Her pulse slowed. Her red face evened back to normal. For a moment, she felt like a queen in her found throne, and reveled in how easy it was to step outside the city’s rhythm of work, shop, eat, and sleep.

Then, the hair on the back of her neck stood up. Something is watching me, Daisy thought. And indeed something shifted in the corner of her vision. She turned.

A creature was staring at her from the fence— fuzzy, ginormous, with two wet and beady eyes. The opossum watched her without blinking, mouth hanging slightly open. She could swear he was willing her to find him adorable—and maybe lobbying for her to tell everyone he was, in fact, quite clean.

Maybe it was the heat or that she was so comfy in that chair, but her fear softened to appreciation—though she kept an eye on the bugger, worried that if she turned away he’d leap on her.

They regarded each other.

“Well,” Daisy said. “You live here?”

The opossum didn’t blink. Its pink nose twitched once, almost politely.

From the mouth of the alley came a quick intake of breath. Daisy looked up to see a group of teenagers huddled on the sidewalk, staring at her and the animal as if they’d walked in on a séance. One of them giggled, “Did anyone else see that?” and they hurried off, half-laughing, half-spooked. Their whispers trailed behind.

Daisy turned back to her opossum friend and congratulated him on performing the scene with her: D.C. denizen and alleyway opossum share a private conversation, she dubbed the scene in her head. Finally the opossum gave a little snort and crawled down the fence line, out of the glow of light.

The night felt suspended, until she broke the moment. She picked up her chair and lugged it the rest of the way home.

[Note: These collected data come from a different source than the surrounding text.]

lemma hermitian_unitarily_diagonalizable:
  fixes A :: "complex^'n^'n"
  assumes herm: "mat_adj A = A"
  obtains V d where "unitary_mat V" "A ** V = V ** diag_mat d"
proof -
  obtain L where L: "length L = CARD('n)"
    "\<forall>i<CARD('n). \<forall>j<CARD('n). cinner (L ! i) (L ! j) = (if i = j then 1 else 0)"
    "\<forall>i<CARD('n). \<exists>c. A *v (L ! i) = c *\<^sub>R (L ! i)"
    using hermitian_orthonormal_eigenvectors[OF herm, of "CARD('n)"] by auto
  obtain h :: "'n \<Rightarrow> nat" where h: "bij_betw h UNIV {0..<CARD('n)}"
    using ex_bij_betw_finite_nat[of "UNIV :: 'n set"] by auto
  then have h_less: "h j < CARD('n)" and h_eq: "h i = h j \<longleftrightarrow> i = j" for i j
    by (auto simp: bij_betw_def inj_on_def)
  have "\<forall>j. \<exists>c. A *v (L ! h j) = c *\<^sub>R (L ! h j)"
    using L(3) h_less by blast
  then obtain d where d: "\<And>j. A *v (L ! h j) = d j *\<^sub>R (L ! h j)"
    by metis
  define V :: "complex^'n^'n" where "V = (\<chi> r j. (L ! h j) $ r)"
  have column_V: "column j V = L ! h j" for j
    by (simp add: V_def column_def vec_eq_iff)
  have "mat_adj V ** V = mat 1"
    using L(2) h_less h_eq by (simp add: vec_eq_iff mat_def mat_adj_mult_component column_V)
  moreover have "A ** V = V ** diag_mat d"
  proof -
    have "(A ** V) $ r $ j = (A *v (L ! h j)) $ r" for r j
      by (simp add: V_def matrix_matrix_mult_def matrix_vector_mult_def)
    then show ?thesis
      by (simp add: vec_eq_iff matrix_mul_diag_mat_right V_def d vector_scaleR_complex_component
          mult.commute del: vector_scaleR_component)
  qed
  ultimately show ?thesis
    using that unitary_mat_iff_left_inverse by blast
qed

section \<open>Singular value decomposition of an invertible matrix\<close>

lemma gram_diag_mat_pos:
  fixes C :: "complex^'n^'n"
  assumes "mat_adj C ** C = diag_mat d" and "invertible C"
  shows "d j > 0"
proof -
  have "complex_of_real (d j) = complex_of_real ((norm (column j C))\<^sup>2)"
    using arg_cong[OF assms(1), of "\<lambda>X. X $ j $ j"]
    by (simp add: mat_adj_mult_component cinner_self diag_mat_def)
  then have d: "d j = (norm (column j C))\<^sup>2"
    using of_real_eq_iff by blast
  obtain B where "B ** C = mat 1"
    using assms(2) invertible_def by blast
  have "column j C \<noteq> 0"
  proof
    assume "column j C = 0"
    then have "(B ** C) $ j $ j = 0"
      by (simp add: matrix_matrix_mult_def column_def vec_eq_iff)
    then show False
      using \<open>B ** C = mat 1\<close> by (simp add: mat_def)
  qed
  then show ?thesis
    by (simp add: d)
qed

lemma invertible_svd:
  fixes b :: "complex^'n^'n"
  assumes "invertible b"
  obtains U V s where "unitary_mat U" "unitary_mat V" "\<forall>i. s i > 0" "b = U ** diag_mat s ** mat_adj V"
proof -
  have "mat_adj (mat_adj b ** b) = mat_adj b ** b"
    by (simp add: mat_normalize_simps)
  then obtain V d where V: "unitary_mat V" and HV: "mat_adj b ** b ** V = V ** diag_mat d"
    using hermitian_unitarily_diagonalizable by blast
  note V' = unitary_matD[OF V]
  define C where "C = b ** V"
  have CC: "mat_adj C ** C = diag_mat d"
    using HV V' by (simp add: C_def mat_normalize_simps)
      (metis matrix_mul_assoc mat_adj_def matrix_mul_lid)
  have "invertible C"
    unfolding C_def using assms unitary_mat_invertible(1)[OF V] by (rule invertible_mult)
  then have d: "d j > 0" for j
    using CC gram_diag_mat_pos by blast
  define s where "s j = sqrt (d j)" for j
  have s: "\<forall>j. s j > 0" and ss: "(\<lambda>j. s j * s j) = d"
    using d by (simp_all add: s_def abs_of_pos fun_eq_iff)
  define U where "U = C ** diag_mat (\<lambda>j. inverse (s j))"
  have "mat_adj U ** U = diag_mat (\<lambda>j. inverse (s j)) ** (mat_adj C ** C) ** diag_mat (\<lambda>j. inverse (s j))"
    by (simp add: U_def mat_normalize_simps)
  also have "\<dots> = diag_mat (\<lambda>j. inverse (s j)) ** diag_mat d ** diag_mat (\<lambda>j. inverse (s j))"
    by (simp only: CC)
  also have "\<dots> = mat 1"
  proof -
    have "inverse (s j) * (s j * s j) * inverse (s j) = 1" for j
      using s by (simp add: field_simps less_imp_neq[symmetric])
    then show ?thesis
      by (simp add: diag_mat_mult diag_mat_1 flip: ss)
  qed
  finally have U: "unitary_mat U"
    by (simp add: unitary_mat_iff_left_inverse)
  have "U ** diag_mat s ** mat_adj V
      = b ** (V ** (diag_mat (\<lambda>j. inverse (s j)) ** diag_mat s) ** mat_adj V)"
    by (simp add: U_def C_def matrix_mul_assoc)
  also have "\<dots> = b"
    using s V' diag_mat_mult_inverse(2)[of s] by (simp add: less_imp_neq[symmetric])
  finally show ?thesis
    using that U V s by metis
qed

lemma symmetric_unitary_commute_diag_mat_iff:
  fixes W :: "complex^'n^'n"
  assumes s: "\<forall>i. s i > 0"
  shows "(mat_cnj W ** transpose W = mat 1 \<and>
          transpose W ** (diag_mat s ** diag_mat s) ** mat_cnj W = diag_mat s ** diag_mat s \<and>
          transpose W = W)
    \<longleftrightarrow> unitary_mat W \<and> transpose W = W \<and> W ** diag_mat s = diag_mat s ** W"
proof (cases "transpose W = W")
  case True
  have commute: "W ** (diag_mat s ** diag_mat s) ** mat_cnj W = diag_mat s ** diag_mat s
      \<longleftrightarrow> W ** diag_mat s = diag_mat s ** W"
    if "mat_cnj W ** W = mat 1"
  proof -
    have "W ** mat_cnj W = mat 1"
      using that matrix_left_right_inverse by blast
    then show ?thesis
      using conjugate_eq_iff_commute[OF _ that] commute_diag_mat_square_iff[OF s]
      by (simp add: diag_mat_mult)
  qed
  show ?thesis
    using True commute unfolding symmetric_unitary_mat_iff[OF True] by (simp only:) blast
qed simp

lemma exists_middle_factor:
  fixes U V z :: "complex^'n^'n"
  assumes "unitary_mat U" and "unitary_mat V" and "\<forall>i. s i \<noteq> 0"
  obtains W where "z = U ** diag_mat s ** W ** transpose V"
proof
  let ?W = "diag_mat (\<lambda>i. inverse (s i)) ** mat_adj U ** z ** mat_cnj V"
  have "U ** diag_mat s ** ?W ** transpose V
      = (U ** (diag_mat s ** diag_mat (\<lambda>i. inverse (s i))) ** mat_adj U) ** z ** (mat_cnj V ** transpose V)"
    by (simp add: matrix_mul_assoc)
  also have "\<dots> = z"
    using assms diag_mat_mult_inverse(1)[of s] unitary_matD[OF assms(1)] unitary_matD[OF assms(2)]
    by simp
  finally show "z = U ** diag_mat s ** ?W ** transpose V" ..
qed

lemma factorized_conditions_iff:
  fixes U V W :: "complex^'n^'n"
  assumes U: "unitary_mat U" and V: "unitary_mat V" and s: "\<forall>i. s i > 0"
    and b: "b = U ** diag_mat s ** mat_adj V" and z: "z = U ** diag_mat s ** W ** transpose V"
  shows "(mat_cnj z ** transpose z = mat_cnj b ** transpose b \<and>
          transpose z ** mat_cnj z = mat_adj b ** b \<and>
          b ** transpose z = z ** transpose b)
    \<longleftrightarrow> unitary_mat W \<and> transpose W = W \<and> W ** diag_mat s = diag_mat s ** W"
proof -
  let ?S = "diag_mat s"
  note U' = unitary_matD[OF U] and V' = unitary_matD[OF V]
  have S: "invertible ?S"
    using s invertible_diag_mat by (metis less_irrefl)
  have "mat_cnj z ** transpose z = (mat_cnj U ** ?S) ** (mat_cnj W ** transpose W) ** (?S ** transpose U)"
    "mat_cnj b ** transpose b = (mat_cnj U ** ?S) ** mat 1 ** (?S ** transpose U)"
    using V' by (simp_all add: b z mat_normalize_simps matrix_mul_cancel_right_inverse)
  moreover have "invertible (mat_cnj U ** ?S)" "invertible (?S ** transpose U)"
    using S unitary_mat_invertible[OF U] by (simp_all add: invertible_mult)
  ultimately have 1: "mat_cnj z ** transpose z = mat_cnj b ** transpose b
      \<longleftrightarrow> mat_cnj W ** transpose W = mat 1"
    by (simp only: invertible_mult_cancel)
  have "transpose z ** mat_cnj z = V ** (transpose W ** (?S ** ?S) ** mat_cnj W) ** mat_adj V"
    "mat_adj b ** b = V ** (?S ** ?S) ** mat_adj V"
    using U' by (simp_all add: b z mat_normalize_simps matrix_mul_cancel_right_inverse)
  then have 2: "transpose z ** mat_cnj z = mat_adj b ** b
      \<longleftrightarrow> transpose W ** (?S ** ?S) ** mat_cnj W = ?S ** ?S"
    by (simp only: invertible_mult_cancel[OF unitary_mat_invertible(1,2)[OF V]])
  have "b ** transpose z = (U ** ?S) ** transpose W ** (?S ** transpose U)"
    "z ** transpose b = (U ** ?S) ** W ** (?S ** transpose U)"
    using V' by (simp_all add: b z mat_normalize_simps matrix_mul_cancel_right_inverse)
  moreover have "invertible (U ** ?S)" "invertible (?S ** transpose U)"
    using S unitary_mat_invertible[OF U] by (simp_all add: invertible_mult)
  ultimately have 3: "b ** transpose z = z ** transpose b \<longleftrightarrow> transpose W = W"
    by (simp only: invertible_mult_cancel)
  show ?thesis
    unfolding 1 2 3 using s by (rule symmetric_unitary_commute_diag_mat_iff)
qed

By the time she reached her building, her fingers had turned to lead. She pushed through the front door with her hip and climbed the stairs sideways. The silence indicated that the other girls were asleep, or maybe were at their boyfriends’ places. She maneuvered the chair into room three and set it down with a low sigh.

It filled the space completely. There was hardly room to walk around it, but the sight of it there made her grin. The thing didn’t match anything else she owned—it was too large, too deliberate.

Maybe she’d clean the chair tomorrow. Maybe she wouldn’t. Room three was hers now, and that was enough.

At dawn, her new friend slunk under a car and scuttled across the streets until he was back in his own den. He fell asleep as the sun rose.